1. Installation and configuration

All information on Earth System Grid Federation (ESGF) can be found here.

1.1 ESGF Software

Description

The ESGF Data Node software stack enables sites hosting earth system data to make it available to the community over several transfer protocols including http(s). Data node sites run esg-publisher software to register their hosted data to the ESGF index managed by the ESGF core team. Sites may additonally run optional esgf-compute software (WPS) to support server-side computation over the hosted data.

New and exisiting installations

For new or exisiting ESGF node installations, ESGF policies will influence the type of installation you need to deploy. Updated information on ESGF policies will be added here soon.
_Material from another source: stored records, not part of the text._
lemma reflected_fun_polynomial_bound:
  fixes g :: "complex \<Rightarrow> complex"
  assumes holg: "g holomorphic_on UNIV" and n: "0 < degree p" and eps: "0 < \<epsilon>" and R: "1 \<le> R"
    and lower: "\<And>z. R \<le> norm z \<Longrightarrow> \<epsilon> \<le> norm (poly p z + cnj (g z))"
  obtains C D where "\<And>r z. R \<le> r \<Longrightarrow> norm z \<le> r / 2 \<Longrightarrow> norm (reflected_fun p g r z) \<le> C * r ^ D"
proof -
  define n where "n = degree p"
  define L where "L = norm (lead_coeff p)"
  have sphere: "\<epsilon> * r ^ n \<le> norm (reflected_fun p g r z)" if "R \<le> r" "z \<in> sphere 0 r" for r z
    using lower[of z] that R unfolding n_def by (simp add: norm_reflected_fun_sphere mult.commute mult_left_mono)
  obtain K where K: "\<And>r. R \<le> r \<Longrightarrow>
      contour_integral (circlepath 0 r) (\<lambda>z. deriv (reflected_fun p g r) z / reflected_fun p g r z)
        = 2 * pi * \<i> * of_nat K"
    using reflected_fun_zero_count_const[OF holg, of R p] lower eps R by force
  obtain \<rho> where \<rho>: "0 < \<rho>" "\<And>r a. 1 \<le> r \<Longrightarrow> reflected_fun p g r a = 0 \<Longrightarrow> \<rho> \<le> norm a"
    using reflected_fun_zeros_bounded_away[OF holg n] by blast
  show ?thesis
  proof (rule that[of "4 * 2 ^ (3 * K) * L ^ 3 / (\<rho> ^ (3 * K) * \<epsilon>\<^sup>2)" "3 * K + 4 * n"])
    fix r :: real and z :: complex assume r: "R \<le> r" and z: "norm z \<le> r / 2"
    have "norm (reflected_fun p g r z)
        \<le> 4 * (2 * r) ^ (3 * K) * norm (reflected_fun p g r 0) ^ 3 / (\<rho> ^ (3 * K) * (\<epsilon> * r ^ n)\<^sup>2)"
    proof (rule norm_bound_half_disc_zero_count[OF holomorphic_reflected_fun[OF holg] _ _ \<rho>(1) sphere[OF r] K[OF r] _ z])
      show "\<rho> \<le> norm a" if "a \<in> ball 0 r" and "reflected_fun p g r a = 0" for a
        using \<rho>(2)[OF _ that(2)] r R by simp
    qed (use r R eps in auto)
    also have "norm (reflected_fun p g r 0) = L * r ^ (2 * n)"
      using reflected_fun_0[OF n] r R unfolding L_def n_def by (simp add: norm_mult norm_power)
    also have "4 * (2 * r) ^ (3 * K) * (L * r ^ (2 * n)) ^ 3 / (\<rho> ^ (3 * K) * (\<epsilon> * r ^ n)\<^sup>2)
        = 4 * 2 ^ (3 * K) * L ^ 3 / (\<rho> ^ (3 * K) * \<epsilon>\<^sup>2) * r ^ (3 * K + 4 * n)"
    proof -
      have "(r ^ (2 * n)) ^ 3 = r ^ (2 * n) * r ^ (4 * n)"
        by (simp add: power_mult[symmetric] power_add[symmetric])
      moreover have "(r ^ n)\<^sup>2 = r ^ (2 * n)" by (simp add: power_mult[symmetric] mult.commute)
      ultimately show ?thesis
        using r R \<rho>(1) eps by (simp add: power_mult_distrib power_add field_simps)
    qed
    finally show "norm (reflected_fun p g r z) \<le> 4 * 2 ^ (3 * K) * L ^ 3 / (\<rho> ^ (3 * K) * \<epsilon>\<^sup>2) * r ^ (3 * K + 4 * n)" .
  qed
qed

lemma poly_add_cnj_bounded_below_imp_is_polynomial_fun:
  fixes g :: "complex \<Rightarrow> complex"
  assumes holg: "g holomorphic_on UNIV" and eps: "0 < \<epsilon>"
    and lower: "\<And>z. R \<le> norm z \<Longrightarrow> \<epsilon> \<le> norm (poly p z + cnj (g z))"
  shows "is_polynomial_fun g"
proof (cases "degree p = 0")
  case True
  then have "g z + cnj (coeff p 0) = cnj (poly p z + cnj (g z))" for z
    by (simp add: poly_altdef)
  then have "norm (g z + cnj (coeff p 0)) = norm (poly p z + cnj (g z))" for z
    by (metis complex_mod_cnj)
  then have "is_polynomial_fun (\<lambda>z. g z + cnj (coeff p 0))"
    using lower by (intro bounded_below_near_infinity_imp_is_polynomial_fun[OF _ eps]) (auto intro!: holomorphic_intros holg)
  then show ?thesis by (simp add: is_polynomial_fun_add_const_iff)
next
  case False
  define R' where "R' = max R 2"
  have lower': "\<epsilon> \<le> norm (poly p z + cnj (g z))" if "R' \<le> norm z" for z
    using lower that unfolding R'_def by simp
  have n: "0 < degree p" and two: "2 \<le> R'" and R': "1 \<le> R'" using False unfolding R'_def by auto
  show ?thesis
  proof (rule reflected_fun_polynomial_bound[OF holg n eps R' lower'])
    fix C D assume "\<And>r z. R' \<le> r \<Longrightarrow> norm z \<le> r / 2 \<Longrightarrow> norm (reflected_fun p g r z) \<le> C * r ^ D"
    then show ?thesis by (rule reflected_fun_growth_imp_is_polynomial_fun[OF holg two])
  qed
qed

lemma not_in_cluster_set_infty_imp_bounded_below:
  fixes F :: "complex \<Rightarrow> complex"
  assumes "\<zeta> \<notin> cluster_set_infty F"
  obtains \<epsilon> R where "0 < \<epsilon>" and "\<And>z. R \<le> norm z \<Longrightarrow> \<epsilon> \<le> norm (F z - \<zeta>)"
proof (rule ccontr)
  assume none: "\<not> thesis"
  have "\<forall>n. \<exists>z. real n \<le> norm z \<and> norm (F z - \<zeta>) < inverse (real (Suc n))"
  proof
    fix n
    have "\<not> (\<forall>z. real n \<le> norm z \<longrightarrow> inverse (real (Suc n)) \<le> norm (F z - \<zeta>))"
      using that[of "inverse (real (Suc n))" "real n"] none by auto
    then show "\<exists>z. real n \<le> norm z \<and> norm (F z - \<zeta>) < inverse (real (Suc n))"
      by (auto simp: not_le)
  qed
  then obtain zs where zs: "\<forall>n. real n \<le> norm (zs n) \<and> norm (F (zs n) - \<zeta>) < inverse (real (Suc n))"
    by (auto dest: choice)
  have "filterlim (\<lambda>n. norm (zs n)) at_top sequentially"
    by (rule filterlim_at_top_mono[OF filterlim_real_sequentially]) (use zs in auto)
  moreover have "(\<lambda>n. F (zs n) - \<zeta>) \<longlonglongrightarrow> 0"
  proof (rule Lim_null_comparison)
    show "\<forall>\<^sub>F n in sequentially. norm (F (zs n) - \<zeta>) \<le> inverse (real (Suc n))"
      using zs by (intro always_eventually allI less_imp_le) blast
  qed (rule LIMSEQ_inverse_real_of_nat)
  then have "(\<lambda>n. F (zs n)) \<longlonglongrightarrow> \<zeta>" by (rule LIM_zero_cancel)
  ultimately have "\<zeta> \<in> cluster_set_infty F" unfolding cluster_set_infty_def by blast
  with assms show False by simp
qed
1.2 How to install data node services

Requirements, setup and usage documentation

Software Stack The ESGF software stack requires Linux RedHat Enterprise or Rocky/Alma distributions. Administrators must have full sudo privileges to root access or a Kubernetes Cluster. The services are meant to run on webserver-grade hardware. For data-sharing nodes the storage holding your data must be mounted on the node.

ESGF Docker Instructions and links to any issuses can be found here.

Metagrid user interface - optional To install the Metagrid UI for end-users to search and download data, read the documentation here and see the Github repo here.

1.3 Compute Node services

Coming soon....

2. Dataset publication - NOT CMIP7-ready

the command-line tools described in this section are not complete for CMIP7 publication nor yet compatible with the forthcoming ESGF-NG STAC APIs.

Requirements

Publishers to ESGF must have an existing Data Node installed at their site. Although the publisher software (from v5.x onwards) does not need to run on the Data Node it does require a Data mount for the software to access data files.

2.1 Dataset preparation

The ESGF publication process requires robust and effective data management, which can also be a burden for data managers. However, the ESGF esgprep toolbox is a piece of software that enables data preparation according to ESGF best practices. Esgprep allows the data providers and data node managers to easily prepare their data for publishing to an ESGF node - it is a standalone toolbox. It can be used to fetch required configuration files, apply the Data Reference Syntax on local filesystems and/or generate mapfiles for ESGF publication.

Full details of esgprep and instructions for use provided by the team at Institut Pierre-Simon Laplace (IPSL) can be found here.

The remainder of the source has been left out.